→ **Source data**:
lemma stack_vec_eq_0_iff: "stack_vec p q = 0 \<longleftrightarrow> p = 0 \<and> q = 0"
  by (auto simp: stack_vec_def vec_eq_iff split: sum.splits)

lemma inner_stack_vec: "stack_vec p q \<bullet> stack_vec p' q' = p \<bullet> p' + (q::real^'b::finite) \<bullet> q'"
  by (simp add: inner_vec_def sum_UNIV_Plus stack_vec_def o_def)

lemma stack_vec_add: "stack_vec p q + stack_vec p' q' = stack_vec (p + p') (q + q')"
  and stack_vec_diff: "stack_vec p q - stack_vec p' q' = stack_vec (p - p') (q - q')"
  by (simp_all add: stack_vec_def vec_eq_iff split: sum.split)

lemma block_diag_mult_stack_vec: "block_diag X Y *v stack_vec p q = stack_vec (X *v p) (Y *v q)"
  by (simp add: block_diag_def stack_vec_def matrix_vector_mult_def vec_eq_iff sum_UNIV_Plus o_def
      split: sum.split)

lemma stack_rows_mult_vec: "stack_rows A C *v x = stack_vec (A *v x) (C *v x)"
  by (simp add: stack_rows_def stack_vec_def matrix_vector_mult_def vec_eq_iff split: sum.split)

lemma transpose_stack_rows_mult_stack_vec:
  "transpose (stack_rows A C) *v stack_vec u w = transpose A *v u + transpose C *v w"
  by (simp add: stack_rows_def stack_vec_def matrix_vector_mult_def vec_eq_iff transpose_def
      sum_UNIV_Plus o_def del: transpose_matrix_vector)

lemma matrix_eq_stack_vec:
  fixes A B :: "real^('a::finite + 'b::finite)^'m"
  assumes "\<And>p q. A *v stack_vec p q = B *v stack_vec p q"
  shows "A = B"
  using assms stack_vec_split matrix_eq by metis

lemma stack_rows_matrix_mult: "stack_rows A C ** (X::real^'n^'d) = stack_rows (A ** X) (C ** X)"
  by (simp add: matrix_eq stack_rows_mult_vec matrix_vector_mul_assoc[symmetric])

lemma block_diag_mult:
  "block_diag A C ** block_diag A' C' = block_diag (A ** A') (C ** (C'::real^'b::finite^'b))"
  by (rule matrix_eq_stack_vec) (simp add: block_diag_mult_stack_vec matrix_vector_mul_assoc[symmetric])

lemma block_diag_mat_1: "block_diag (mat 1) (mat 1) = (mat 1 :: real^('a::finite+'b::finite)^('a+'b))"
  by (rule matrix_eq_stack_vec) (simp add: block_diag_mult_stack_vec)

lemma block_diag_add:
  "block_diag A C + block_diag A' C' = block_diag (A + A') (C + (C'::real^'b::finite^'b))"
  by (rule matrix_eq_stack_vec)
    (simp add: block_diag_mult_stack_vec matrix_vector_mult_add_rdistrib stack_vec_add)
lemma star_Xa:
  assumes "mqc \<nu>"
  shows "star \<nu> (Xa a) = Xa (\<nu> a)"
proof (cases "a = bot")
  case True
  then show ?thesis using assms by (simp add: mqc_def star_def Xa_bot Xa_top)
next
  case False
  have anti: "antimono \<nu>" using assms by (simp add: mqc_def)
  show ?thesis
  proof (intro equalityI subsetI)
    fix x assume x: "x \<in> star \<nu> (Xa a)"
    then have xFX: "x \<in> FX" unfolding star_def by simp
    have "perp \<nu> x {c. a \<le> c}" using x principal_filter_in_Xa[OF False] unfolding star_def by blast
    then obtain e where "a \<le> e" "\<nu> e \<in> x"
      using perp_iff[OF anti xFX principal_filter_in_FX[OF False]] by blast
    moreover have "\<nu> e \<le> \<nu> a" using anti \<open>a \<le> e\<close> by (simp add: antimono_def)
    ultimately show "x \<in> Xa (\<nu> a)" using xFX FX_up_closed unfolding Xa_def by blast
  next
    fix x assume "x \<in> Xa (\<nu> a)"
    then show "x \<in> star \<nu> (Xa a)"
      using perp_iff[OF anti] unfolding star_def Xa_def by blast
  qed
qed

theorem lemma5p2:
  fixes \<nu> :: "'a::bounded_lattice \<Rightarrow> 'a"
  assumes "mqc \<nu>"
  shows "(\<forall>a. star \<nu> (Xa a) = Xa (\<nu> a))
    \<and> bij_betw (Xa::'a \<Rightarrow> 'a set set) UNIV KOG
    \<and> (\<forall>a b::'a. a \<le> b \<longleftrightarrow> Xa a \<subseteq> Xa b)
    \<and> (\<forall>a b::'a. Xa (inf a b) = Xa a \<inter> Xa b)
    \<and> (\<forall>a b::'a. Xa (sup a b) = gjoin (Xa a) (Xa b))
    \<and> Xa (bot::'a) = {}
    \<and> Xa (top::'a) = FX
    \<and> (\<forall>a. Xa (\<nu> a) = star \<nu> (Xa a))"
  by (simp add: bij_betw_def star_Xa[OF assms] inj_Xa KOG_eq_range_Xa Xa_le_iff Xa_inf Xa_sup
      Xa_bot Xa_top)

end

→ **What you are asked to do**: Set down the lines of the listing word for word, from its first line through the line containing "q + stack_vec". Both of those lines belong in the answer, and no others do.

→ **Task result**:
lemma stack_vec_eq_0_iff: "stack_vec p q = 0 \<longleftrightarrow> p = 0 \<and> q = 0"
  by (auto simp: stack_vec_def vec_eq_iff split: sum.splits)

lemma inner_stack_vec: "stack_vec p q \<bullet> stack_vec p' q' = p \<bullet> p' + (q::real^'b::finite) \<bullet> q'"
  by (simp add: inner_vec_def sum_UNIV_Plus stack_vec_def o_def)

lemma stack_vec_add: "stack_vec p q + stack_vec p' q' = stack_vec (p + p') (q + q')"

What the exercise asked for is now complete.